**Task prompt**
Copy out all lines from the entries below in which "shows" occurs.

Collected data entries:
/---
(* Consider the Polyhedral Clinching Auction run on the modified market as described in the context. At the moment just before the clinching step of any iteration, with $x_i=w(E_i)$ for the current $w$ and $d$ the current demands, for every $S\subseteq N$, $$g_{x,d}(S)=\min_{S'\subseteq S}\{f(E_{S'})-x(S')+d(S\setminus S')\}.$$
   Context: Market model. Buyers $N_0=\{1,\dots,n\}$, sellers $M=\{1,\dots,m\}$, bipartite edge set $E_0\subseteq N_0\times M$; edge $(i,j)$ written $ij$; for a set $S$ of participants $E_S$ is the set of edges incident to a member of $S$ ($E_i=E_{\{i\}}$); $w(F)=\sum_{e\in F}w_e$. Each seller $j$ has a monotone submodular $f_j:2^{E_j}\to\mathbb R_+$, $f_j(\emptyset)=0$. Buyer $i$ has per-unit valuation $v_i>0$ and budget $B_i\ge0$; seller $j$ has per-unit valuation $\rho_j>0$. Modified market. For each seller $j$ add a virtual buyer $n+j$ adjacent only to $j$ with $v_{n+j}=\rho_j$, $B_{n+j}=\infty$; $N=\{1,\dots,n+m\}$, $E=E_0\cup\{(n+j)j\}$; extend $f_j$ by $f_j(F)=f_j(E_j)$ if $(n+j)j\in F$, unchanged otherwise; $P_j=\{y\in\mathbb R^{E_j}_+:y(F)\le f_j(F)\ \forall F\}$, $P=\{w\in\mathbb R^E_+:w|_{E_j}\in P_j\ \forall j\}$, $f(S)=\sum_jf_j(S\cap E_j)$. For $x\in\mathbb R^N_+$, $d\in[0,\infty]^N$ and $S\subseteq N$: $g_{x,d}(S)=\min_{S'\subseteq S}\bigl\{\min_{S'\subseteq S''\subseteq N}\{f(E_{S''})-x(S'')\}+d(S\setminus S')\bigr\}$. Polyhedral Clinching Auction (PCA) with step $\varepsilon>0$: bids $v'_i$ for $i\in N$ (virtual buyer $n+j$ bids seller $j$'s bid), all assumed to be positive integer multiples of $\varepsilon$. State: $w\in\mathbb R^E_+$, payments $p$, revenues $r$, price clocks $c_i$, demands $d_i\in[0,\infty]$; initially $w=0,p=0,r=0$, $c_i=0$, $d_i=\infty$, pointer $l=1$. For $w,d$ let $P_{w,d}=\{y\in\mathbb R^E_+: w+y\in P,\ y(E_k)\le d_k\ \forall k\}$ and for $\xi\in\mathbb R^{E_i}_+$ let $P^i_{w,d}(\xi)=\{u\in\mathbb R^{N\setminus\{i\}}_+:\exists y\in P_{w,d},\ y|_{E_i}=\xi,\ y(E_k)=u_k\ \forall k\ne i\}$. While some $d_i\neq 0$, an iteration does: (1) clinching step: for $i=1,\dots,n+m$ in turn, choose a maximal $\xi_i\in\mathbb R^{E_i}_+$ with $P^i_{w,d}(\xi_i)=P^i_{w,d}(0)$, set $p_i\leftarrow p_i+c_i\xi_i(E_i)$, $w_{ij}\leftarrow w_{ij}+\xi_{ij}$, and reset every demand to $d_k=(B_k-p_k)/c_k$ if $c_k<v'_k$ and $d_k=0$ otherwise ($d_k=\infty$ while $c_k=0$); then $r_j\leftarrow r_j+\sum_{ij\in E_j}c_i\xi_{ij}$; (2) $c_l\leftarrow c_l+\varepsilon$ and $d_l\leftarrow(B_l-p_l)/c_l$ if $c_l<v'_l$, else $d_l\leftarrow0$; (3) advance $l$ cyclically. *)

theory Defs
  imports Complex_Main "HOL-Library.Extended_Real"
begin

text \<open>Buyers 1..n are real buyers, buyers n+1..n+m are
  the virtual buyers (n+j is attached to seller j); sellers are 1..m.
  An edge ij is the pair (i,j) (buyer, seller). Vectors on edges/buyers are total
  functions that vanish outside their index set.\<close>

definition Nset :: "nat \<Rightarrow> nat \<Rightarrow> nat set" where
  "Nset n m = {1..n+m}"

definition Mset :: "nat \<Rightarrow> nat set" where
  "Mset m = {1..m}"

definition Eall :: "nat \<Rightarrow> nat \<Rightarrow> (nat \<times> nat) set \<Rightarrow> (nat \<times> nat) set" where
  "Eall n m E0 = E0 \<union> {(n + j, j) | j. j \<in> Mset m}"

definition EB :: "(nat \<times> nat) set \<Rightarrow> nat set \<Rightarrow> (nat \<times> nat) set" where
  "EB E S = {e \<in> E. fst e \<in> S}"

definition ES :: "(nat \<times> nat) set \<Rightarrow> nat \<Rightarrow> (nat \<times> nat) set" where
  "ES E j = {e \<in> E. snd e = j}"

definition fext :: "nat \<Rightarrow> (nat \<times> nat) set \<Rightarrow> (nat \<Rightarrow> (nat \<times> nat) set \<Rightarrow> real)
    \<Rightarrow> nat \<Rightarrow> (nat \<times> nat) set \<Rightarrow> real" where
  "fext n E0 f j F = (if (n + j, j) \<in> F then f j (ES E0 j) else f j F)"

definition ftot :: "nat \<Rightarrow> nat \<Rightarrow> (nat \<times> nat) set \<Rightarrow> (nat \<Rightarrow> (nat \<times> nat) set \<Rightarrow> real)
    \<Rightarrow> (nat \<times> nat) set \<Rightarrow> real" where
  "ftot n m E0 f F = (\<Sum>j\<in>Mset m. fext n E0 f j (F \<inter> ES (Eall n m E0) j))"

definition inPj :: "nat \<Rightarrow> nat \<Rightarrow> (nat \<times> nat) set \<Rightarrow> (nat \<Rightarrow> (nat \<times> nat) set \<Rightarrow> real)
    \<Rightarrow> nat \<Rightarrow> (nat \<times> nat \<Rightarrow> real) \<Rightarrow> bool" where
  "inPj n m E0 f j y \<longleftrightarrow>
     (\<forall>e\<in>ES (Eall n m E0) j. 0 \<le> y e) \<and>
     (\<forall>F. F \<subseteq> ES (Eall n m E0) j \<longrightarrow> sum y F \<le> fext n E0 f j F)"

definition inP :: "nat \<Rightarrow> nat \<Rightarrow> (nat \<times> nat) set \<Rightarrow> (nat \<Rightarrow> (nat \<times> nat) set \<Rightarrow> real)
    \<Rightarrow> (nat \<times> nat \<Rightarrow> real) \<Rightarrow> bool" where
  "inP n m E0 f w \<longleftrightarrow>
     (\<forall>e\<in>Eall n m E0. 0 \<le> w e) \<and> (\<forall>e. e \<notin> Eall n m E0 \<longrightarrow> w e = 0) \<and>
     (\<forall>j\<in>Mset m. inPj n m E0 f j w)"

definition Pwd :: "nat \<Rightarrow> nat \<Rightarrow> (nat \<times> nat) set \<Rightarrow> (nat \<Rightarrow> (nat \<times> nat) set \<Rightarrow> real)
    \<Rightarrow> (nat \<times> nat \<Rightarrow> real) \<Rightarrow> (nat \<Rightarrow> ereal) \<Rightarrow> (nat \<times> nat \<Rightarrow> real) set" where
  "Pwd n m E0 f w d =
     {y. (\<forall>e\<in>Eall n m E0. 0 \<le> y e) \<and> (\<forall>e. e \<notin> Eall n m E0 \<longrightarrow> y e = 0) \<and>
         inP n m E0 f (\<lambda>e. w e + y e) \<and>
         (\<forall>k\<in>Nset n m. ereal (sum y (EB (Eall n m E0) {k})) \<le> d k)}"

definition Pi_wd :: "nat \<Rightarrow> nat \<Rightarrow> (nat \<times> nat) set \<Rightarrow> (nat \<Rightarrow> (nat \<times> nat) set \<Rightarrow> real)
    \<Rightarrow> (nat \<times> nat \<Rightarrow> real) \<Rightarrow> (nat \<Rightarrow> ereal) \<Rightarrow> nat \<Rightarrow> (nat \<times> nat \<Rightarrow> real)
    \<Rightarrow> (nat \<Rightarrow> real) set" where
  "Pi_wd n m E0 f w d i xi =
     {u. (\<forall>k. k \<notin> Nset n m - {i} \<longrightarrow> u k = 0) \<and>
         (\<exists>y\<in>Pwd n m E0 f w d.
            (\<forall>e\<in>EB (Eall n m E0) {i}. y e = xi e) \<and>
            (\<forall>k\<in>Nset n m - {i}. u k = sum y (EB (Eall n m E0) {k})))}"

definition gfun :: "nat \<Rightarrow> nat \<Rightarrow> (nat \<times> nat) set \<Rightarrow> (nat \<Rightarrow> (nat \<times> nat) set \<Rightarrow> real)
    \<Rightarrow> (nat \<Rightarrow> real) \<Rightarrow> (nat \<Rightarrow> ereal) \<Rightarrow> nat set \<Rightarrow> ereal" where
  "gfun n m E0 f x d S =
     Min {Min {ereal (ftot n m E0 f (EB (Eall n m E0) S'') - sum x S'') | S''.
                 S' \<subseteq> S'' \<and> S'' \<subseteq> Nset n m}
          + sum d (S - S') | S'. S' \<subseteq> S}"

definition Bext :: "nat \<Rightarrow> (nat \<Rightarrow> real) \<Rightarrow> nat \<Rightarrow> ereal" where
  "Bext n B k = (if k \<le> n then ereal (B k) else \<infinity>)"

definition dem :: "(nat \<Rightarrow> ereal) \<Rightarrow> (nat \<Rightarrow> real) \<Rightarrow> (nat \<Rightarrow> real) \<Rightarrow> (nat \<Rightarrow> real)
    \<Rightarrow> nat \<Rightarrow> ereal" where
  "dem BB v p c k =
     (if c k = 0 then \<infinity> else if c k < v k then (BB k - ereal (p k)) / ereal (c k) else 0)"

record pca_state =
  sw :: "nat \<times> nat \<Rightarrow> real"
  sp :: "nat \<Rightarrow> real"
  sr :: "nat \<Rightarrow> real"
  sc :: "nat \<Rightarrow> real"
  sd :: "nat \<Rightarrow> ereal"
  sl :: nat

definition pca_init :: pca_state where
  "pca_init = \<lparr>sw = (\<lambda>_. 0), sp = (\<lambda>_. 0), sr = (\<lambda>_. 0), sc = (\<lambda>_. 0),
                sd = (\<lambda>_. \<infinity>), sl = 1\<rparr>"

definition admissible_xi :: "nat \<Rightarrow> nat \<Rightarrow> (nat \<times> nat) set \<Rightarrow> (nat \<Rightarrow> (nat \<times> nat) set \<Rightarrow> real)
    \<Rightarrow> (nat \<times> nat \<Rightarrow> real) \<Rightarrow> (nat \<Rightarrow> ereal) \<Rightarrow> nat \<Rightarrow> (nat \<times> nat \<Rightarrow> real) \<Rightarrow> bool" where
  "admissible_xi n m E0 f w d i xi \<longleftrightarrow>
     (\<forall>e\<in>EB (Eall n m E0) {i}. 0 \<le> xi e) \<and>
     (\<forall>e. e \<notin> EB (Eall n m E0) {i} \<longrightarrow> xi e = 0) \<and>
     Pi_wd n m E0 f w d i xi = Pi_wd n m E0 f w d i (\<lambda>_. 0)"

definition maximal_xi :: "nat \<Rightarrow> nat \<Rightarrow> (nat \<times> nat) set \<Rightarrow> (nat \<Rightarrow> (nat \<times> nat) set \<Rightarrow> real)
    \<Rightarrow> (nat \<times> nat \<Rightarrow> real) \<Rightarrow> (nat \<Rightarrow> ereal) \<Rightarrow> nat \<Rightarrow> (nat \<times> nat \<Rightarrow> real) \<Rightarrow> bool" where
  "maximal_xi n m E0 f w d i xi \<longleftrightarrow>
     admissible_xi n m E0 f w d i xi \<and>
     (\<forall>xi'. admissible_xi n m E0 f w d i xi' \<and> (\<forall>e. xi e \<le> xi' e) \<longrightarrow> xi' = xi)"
\---
/---
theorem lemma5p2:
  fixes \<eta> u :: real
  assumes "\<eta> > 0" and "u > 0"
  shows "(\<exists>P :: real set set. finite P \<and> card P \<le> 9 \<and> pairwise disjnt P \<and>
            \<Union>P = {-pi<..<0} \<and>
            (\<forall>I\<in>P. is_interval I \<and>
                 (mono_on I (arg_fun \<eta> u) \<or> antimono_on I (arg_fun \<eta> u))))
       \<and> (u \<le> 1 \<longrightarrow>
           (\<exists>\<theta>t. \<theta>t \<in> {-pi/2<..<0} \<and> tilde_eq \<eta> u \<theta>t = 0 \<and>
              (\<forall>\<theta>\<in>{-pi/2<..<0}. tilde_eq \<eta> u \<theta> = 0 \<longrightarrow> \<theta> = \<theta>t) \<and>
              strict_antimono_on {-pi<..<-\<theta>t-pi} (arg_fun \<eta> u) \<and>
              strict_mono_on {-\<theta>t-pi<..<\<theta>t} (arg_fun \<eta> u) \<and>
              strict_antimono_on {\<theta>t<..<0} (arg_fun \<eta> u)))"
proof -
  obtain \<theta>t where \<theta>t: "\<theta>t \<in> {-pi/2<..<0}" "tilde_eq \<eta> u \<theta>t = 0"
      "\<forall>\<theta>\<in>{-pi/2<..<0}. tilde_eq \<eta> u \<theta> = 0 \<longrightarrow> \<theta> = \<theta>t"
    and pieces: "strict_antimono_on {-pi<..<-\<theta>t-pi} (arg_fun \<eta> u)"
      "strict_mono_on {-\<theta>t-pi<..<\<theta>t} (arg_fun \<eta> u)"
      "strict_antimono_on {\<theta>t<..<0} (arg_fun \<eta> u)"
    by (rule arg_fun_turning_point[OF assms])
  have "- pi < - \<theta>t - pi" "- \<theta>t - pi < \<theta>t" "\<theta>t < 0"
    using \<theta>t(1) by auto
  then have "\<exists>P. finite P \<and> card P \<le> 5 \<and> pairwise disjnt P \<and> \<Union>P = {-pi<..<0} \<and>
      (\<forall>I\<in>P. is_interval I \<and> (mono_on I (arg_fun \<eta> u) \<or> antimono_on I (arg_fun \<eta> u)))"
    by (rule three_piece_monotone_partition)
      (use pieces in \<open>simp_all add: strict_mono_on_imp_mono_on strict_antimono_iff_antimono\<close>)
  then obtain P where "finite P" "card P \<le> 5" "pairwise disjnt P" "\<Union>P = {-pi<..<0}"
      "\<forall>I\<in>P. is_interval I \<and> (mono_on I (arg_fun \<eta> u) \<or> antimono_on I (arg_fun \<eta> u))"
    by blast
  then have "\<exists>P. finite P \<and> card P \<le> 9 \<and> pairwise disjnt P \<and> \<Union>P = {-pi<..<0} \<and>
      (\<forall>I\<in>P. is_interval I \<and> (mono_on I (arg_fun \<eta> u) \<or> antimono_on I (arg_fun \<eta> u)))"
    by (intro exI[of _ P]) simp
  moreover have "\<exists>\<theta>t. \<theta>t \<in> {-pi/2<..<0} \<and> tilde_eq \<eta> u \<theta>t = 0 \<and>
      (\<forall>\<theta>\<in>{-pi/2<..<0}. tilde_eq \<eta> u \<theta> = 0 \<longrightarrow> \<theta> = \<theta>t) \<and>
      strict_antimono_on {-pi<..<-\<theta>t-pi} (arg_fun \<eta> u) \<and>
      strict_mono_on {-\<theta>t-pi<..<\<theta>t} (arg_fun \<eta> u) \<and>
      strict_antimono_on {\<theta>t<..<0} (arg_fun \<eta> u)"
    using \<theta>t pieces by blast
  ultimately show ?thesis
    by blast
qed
\---
/---
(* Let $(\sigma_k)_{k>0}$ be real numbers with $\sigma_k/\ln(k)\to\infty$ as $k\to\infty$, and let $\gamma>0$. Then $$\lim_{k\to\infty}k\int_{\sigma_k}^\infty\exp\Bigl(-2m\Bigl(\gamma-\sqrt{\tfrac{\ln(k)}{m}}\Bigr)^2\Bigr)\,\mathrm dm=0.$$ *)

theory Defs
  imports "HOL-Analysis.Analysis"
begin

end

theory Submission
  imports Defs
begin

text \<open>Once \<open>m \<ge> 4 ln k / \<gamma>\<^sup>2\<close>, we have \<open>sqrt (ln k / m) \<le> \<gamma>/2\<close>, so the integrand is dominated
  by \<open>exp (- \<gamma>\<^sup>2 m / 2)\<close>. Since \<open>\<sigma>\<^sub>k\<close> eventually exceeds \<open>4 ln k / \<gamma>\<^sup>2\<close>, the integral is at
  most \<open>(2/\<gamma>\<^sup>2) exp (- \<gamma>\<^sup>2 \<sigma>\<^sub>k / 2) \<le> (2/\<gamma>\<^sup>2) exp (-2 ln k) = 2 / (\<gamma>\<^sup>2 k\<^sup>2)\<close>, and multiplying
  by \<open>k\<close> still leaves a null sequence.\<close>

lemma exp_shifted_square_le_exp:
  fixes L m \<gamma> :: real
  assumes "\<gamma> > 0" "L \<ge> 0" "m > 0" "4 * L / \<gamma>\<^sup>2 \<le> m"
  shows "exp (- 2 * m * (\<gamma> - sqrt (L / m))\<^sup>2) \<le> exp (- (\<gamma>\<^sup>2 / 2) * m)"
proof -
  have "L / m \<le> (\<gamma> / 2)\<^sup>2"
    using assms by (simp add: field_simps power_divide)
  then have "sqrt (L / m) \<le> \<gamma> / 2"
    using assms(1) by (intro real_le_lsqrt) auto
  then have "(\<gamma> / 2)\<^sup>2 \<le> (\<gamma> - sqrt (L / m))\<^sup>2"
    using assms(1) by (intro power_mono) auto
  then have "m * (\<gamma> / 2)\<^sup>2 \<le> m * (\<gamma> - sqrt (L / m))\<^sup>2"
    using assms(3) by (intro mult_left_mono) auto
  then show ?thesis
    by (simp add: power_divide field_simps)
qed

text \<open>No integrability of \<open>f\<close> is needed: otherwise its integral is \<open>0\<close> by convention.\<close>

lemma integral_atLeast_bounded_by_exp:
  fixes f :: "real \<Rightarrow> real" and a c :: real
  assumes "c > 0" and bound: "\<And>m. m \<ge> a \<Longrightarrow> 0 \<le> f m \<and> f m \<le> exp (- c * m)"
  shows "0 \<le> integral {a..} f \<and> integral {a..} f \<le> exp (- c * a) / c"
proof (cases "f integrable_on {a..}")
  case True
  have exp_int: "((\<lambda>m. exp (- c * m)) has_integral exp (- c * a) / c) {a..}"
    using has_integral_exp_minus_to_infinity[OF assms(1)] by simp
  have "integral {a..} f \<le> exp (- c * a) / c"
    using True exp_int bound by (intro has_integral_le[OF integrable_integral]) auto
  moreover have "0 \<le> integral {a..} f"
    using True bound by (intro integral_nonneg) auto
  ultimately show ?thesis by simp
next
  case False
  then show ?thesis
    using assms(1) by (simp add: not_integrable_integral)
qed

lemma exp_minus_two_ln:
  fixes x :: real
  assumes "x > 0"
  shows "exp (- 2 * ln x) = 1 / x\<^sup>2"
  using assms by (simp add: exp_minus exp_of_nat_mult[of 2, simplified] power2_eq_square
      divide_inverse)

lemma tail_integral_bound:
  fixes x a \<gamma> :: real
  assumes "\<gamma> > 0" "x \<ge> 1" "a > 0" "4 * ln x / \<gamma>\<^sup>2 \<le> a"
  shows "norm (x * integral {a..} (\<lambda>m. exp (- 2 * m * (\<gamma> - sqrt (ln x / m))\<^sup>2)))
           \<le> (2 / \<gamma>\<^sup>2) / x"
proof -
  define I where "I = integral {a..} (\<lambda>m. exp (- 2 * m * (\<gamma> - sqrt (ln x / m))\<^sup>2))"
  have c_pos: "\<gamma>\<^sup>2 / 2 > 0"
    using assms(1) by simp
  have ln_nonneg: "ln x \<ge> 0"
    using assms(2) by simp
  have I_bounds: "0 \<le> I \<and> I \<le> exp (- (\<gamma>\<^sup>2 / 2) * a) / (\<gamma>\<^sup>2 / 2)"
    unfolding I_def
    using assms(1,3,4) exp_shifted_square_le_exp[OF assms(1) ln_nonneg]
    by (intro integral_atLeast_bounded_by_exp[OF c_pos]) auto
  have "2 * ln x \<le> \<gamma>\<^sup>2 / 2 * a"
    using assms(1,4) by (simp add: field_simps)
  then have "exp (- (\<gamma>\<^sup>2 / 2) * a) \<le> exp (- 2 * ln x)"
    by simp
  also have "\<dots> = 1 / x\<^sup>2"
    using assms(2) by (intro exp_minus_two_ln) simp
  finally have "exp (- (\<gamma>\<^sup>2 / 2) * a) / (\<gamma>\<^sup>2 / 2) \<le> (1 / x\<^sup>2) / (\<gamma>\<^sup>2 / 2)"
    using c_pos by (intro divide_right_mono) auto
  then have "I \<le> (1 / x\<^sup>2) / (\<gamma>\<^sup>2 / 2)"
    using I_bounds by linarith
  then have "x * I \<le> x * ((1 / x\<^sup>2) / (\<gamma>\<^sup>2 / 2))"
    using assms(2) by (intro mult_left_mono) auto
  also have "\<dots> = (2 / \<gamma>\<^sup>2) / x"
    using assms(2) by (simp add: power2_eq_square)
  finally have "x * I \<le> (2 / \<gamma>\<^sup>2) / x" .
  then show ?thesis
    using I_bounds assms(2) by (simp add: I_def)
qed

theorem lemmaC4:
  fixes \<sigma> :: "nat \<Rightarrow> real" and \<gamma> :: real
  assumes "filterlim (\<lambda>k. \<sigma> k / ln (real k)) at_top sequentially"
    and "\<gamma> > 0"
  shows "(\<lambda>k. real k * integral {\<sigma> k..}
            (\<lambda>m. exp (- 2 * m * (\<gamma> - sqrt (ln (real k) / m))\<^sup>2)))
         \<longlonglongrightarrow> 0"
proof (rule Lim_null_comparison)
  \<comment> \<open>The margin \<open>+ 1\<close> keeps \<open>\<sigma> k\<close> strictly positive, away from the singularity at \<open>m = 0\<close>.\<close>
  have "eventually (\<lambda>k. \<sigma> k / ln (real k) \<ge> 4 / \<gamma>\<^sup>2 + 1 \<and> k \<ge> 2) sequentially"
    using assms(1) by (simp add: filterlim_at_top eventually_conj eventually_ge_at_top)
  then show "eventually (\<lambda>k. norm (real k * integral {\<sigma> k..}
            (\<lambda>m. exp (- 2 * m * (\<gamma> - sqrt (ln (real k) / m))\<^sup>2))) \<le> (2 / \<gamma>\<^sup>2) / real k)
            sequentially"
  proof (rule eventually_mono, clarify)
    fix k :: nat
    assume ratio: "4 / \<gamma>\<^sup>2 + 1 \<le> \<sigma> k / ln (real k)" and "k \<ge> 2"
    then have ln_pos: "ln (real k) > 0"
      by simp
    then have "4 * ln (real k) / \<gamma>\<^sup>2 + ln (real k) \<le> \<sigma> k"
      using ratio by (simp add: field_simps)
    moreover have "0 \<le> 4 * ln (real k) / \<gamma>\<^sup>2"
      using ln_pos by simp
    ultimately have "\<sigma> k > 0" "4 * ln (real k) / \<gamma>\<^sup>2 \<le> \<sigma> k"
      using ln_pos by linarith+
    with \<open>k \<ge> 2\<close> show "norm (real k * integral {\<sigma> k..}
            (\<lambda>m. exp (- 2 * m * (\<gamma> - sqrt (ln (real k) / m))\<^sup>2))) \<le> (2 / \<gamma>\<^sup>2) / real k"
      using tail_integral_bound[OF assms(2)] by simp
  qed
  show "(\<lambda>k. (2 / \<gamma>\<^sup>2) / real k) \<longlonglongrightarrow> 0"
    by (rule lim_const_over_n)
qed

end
\---
**Expected answer**
  shows "(\<exists>P :: real set set. finite P \<and> card P \<le> 9 \<and> pairwise disjnt P \<and>
  shows "exp (- 2 * m * (\<gamma> - sqrt (L / m))\<^sup>2) \<le> exp (- (\<gamma>\<^sup>2 / 2) * m)"
  shows "0 \<le> integral {a..} f \<and> integral {a..} f \<le> exp (- c * a) / c"
  shows "exp (- 2 * ln x) = 1 / x\<^sup>2"
  shows "norm (x * integral {a..} (\<lambda>m. exp (- 2 * m * (\<gamma> - sqrt (ln x / m))\<^sup>2)))
  shows "(\<lambda>k. real k * integral {\<sigma> k..}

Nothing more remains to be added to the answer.